Response of a data monitoring job creation request

When your job is submitted successfully, you will receive a response with a jobid. Note the jobId to use it in submit requests to retrieve job details or to perform any other actions on the job. Here is an example of a data monitoring job creation response:

{
  "jobId": "OML$7ABB6308_1664_4CB4_84B1_598A6EA599D1",
  "links": [
    {
      "rel": "self",
      "href": "<OML Service URL>/omlmod/v1/jobs/OML%247ABB6308_1664_4CB4_84B1_598A6EA599D1"
    }
  ]
}

3: View Details of the Submitted Job

To view details of your submitted job, send a GET request to the /omlmod/v1/jobs/{jobID} endpoint. Here, jobId is the ID provided in response to the successful submission of your data monitoring job in the previous step.

Run the following command to view job details:

$ export jobid='OML$7ABB6308_1664_4CB4_84B1_598A6EA599D1'  # save the job ID to a single-quoted variable

$ curl -X GET "<oml-cloud-service-location-url>/omlmod/v1/jobs/${jobid}"  \
       --header 'Accept: application/json' \
       --header 'Content-Type: application/json' \
       --header "Authorization: Bearer ${token}" | jq

Response of the Job Detail Request

Here is a response of the job details request.
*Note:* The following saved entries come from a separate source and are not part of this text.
text \<open>The library's \<open>measure_orthogonal_image\<close> is stated for \<open>real^'n\<close> only, whereas points
  here live in the product type \<open>'m pt\<close>. A Vitali packing by balls, which an isometry maps to
  balls of the same volume, gives the inequality in every Euclidean space.\<close>

lemma measure_isometry_image_le:
  fixes h :: "'a::euclidean_space \<Rightarrow> 'a"
  assumes iso: "\<And>x y. dist (h x) (h y) = dist x y"
    and E: "E \<in> lmeasurable" and hE: "h ` E \<in> sets lebesgue"
  shows "measure lebesgue (h ` E) \<le> measure lebesgue E"
proof (rule field_le_epsilon)
  fix e :: real assume "0 < e"
  obtain T where T: "open T" "E \<subseteq> T" "T \<in> lmeasurable"
    "measure lebesgue T \<le> measure lebesgue E + e"
    using lmeasurable_outer_open_le[OF E \<open>0 < e\<close>] by blast
  obtain C where C: "countable C"
    "\<And>i. i \<in> C \<Longrightarrow> fst i \<in> E \<and> 0 < snd i \<and> cball (fst i) (snd i) \<subseteq> T"
    "pairwise (\<lambda>i j. disjnt (cball (fst i) (snd i)) (cball (fst j) (snd j))) C"
    "negligible (E - (\<Union>i\<in>C. cball (fst i) (snd i)))"
    using Vitali_cball_packing[OF T(1,2)] by blast
  define N where "N = E - (\<Union>i\<in>C. cball (fst i) (snd i))"
  define U where "U = (\<Union>i\<in>C. cball (h (fst i)) (snd i))"
  have "negligible (h ` N)"
  proof (rule negligible_locally_Lipschitz_image)
    show "negligible N" using C(4) by (simp add: N_def)
    show "\<exists>T B. open T \<and> x \<in> T \<and> (\<forall>y\<in>N \<inter> T. norm (h y - h x) \<le> B * norm (y - x))" for x
      using iso by (intro exI[of _ UNIV] exI[of _ 1]) (simp add: dist_norm)
  qed simp
  have finite_bound: "measure lebesgue (\<Union>i\<in>F. cball (h (fst i)) (snd i)) \<le> measure lebesgue T"
    if F: "F \<subseteq> C" "finite F" for F
  proof -
    have "measure lebesgue (\<Union>i\<in>F. cball (h (fst i)) (snd i))
        \<le> (\<Sum>i\<in>F. measure lebesgue (cball (h (fst i)) (snd i)))"
      by (rule measure_UNION_le) (use F in auto)
    also have "\<dots> = (\<Sum>i\<in>F. measure lebesgue (cball (fst i) (snd i)))"
      by (intro sum.cong refl measure_cball_translate)
    also have "\<dots> = measure lebesgue (\<Union>i\<in>F. cball (fst i) (snd i))"
      by (rule measure_UNION'[symmetric]) (use F C(3) in \<open>auto intro: pairwise_subset\<close>)
    also have "\<dots> \<le> measure lebesgue T"
      by (rule measure_mono_fmeasurable) (use F C(2) T(3) in \<open>auto simp: fmeasurableD\<close>)
    finally show ?thesis .
  qed
  have U: "U \<in> lmeasurable" "measure lebesgue U \<le> measure lebesgue T"
    unfolding U_def
    using fmeasurable_UN_bound[OF C(1) _ finite_bound] measure_UN_bound[OF C(1) _ finite_bound] by auto
  have "h ` E \<subseteq> U \<union> h ` N"
    using iso by (fastforce simp: U_def N_def)
  then have "measure lebesgue (h ` E) \<le> measure lebesgue (U \<union> h ` N)"
    by (rule measure_mono_fmeasurable[OF _ hE])
       (use U \<open>negligible (h ` N)\<close> in \<open>auto simp: negligible_iff_null_sets fmeasurableI_null_sets\<close>)
  also have "\<dots> = measure lebesgue U"
    using U \<open>negligible (h ` N)\<close> by (simp add: measure_Un_null_set negligible_iff_null_sets fmeasurable_def)
  finally show "measure lebesgue (h ` E) \<le> measure lebesgue E + e" using U T(4) by linarith
qed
If your job has already run once earlier, you will see information returned about the last job run.

{
  "jobId": "OML$7ABB6308_1664_4CB4_84B1_598A6EA599D1",
  "jobRequest": {
    "jobSchedule": {
      "jobStartDate": "2023-03-24T20:30:26Z",
      "repeatInterval": "FREQ=HOURLY",
      "jobEndDate": "2023-03-24T23:30:26Z",
      "maxRuns": 3
    },
    "jobProperties": {
      "jobType": "DATA_MONITORING",
      "inputSchemaName": "OMLUSER",
      "outputSchemaName": "OMLUSER",
      "outputData": "householdPowerConsumption",
      "jobDescription": "Monitor household power",
      "jobName": "HouseholdPowerDataMonitoring",
      "disableJob": false,
      "jobServiceLevel": "LOW",
      "baselineData": "HOUSEHOLD_POWER_BASE",
      "newData": "HOUSEHOLD_POWER_NEW",
      "timeColumn": "DATES",
      "startDate": "2008-01-01T00:00:00Z",
      "endDate": "2010-11-26T00:00:00Z",
      "frequency": "Year",
      "threshold": 0.8,
      "recompute": false,
      "caseidColumn": null,
      "featureList": [
        "GLOBAL_ACTIVE_POWER",
        "GLOBAL_REACTIVE_POWER",
        "VOLTAGE",
        "SUB_METERING_1",
        "SUB_METERING_2",
        "SUB_METERING_3"
      ],
      "anchorColumn": null
    }
  },
  "jobStatus": "CREATED",
  "dateSubmitted": "2023-03-24T20:23:31.53651Z",
  "links": [
    {
      "rel": "self",
      "href": "<OML Service URL>/omlmod/v1/jobs/OML%247ABB6308_1664_4CB4_84B1_598A6EA599D1"
    }
  ],
  "jobFlags": [],
  "state": "SCHEDULED",
  "enabled": true,
  "runCount": 0,
  "nextRunDate": "2023-03-24T20:30:26Z"
}

4: Edit a Data Monitoring Job (optional)

This is an optional task. After you submit an asynchronous job, you have the option to update your job. To update a job, send a POST request to the /omlmod/v1/jobs/{jobID} endpoint with the updated options in the updateProperties parameters.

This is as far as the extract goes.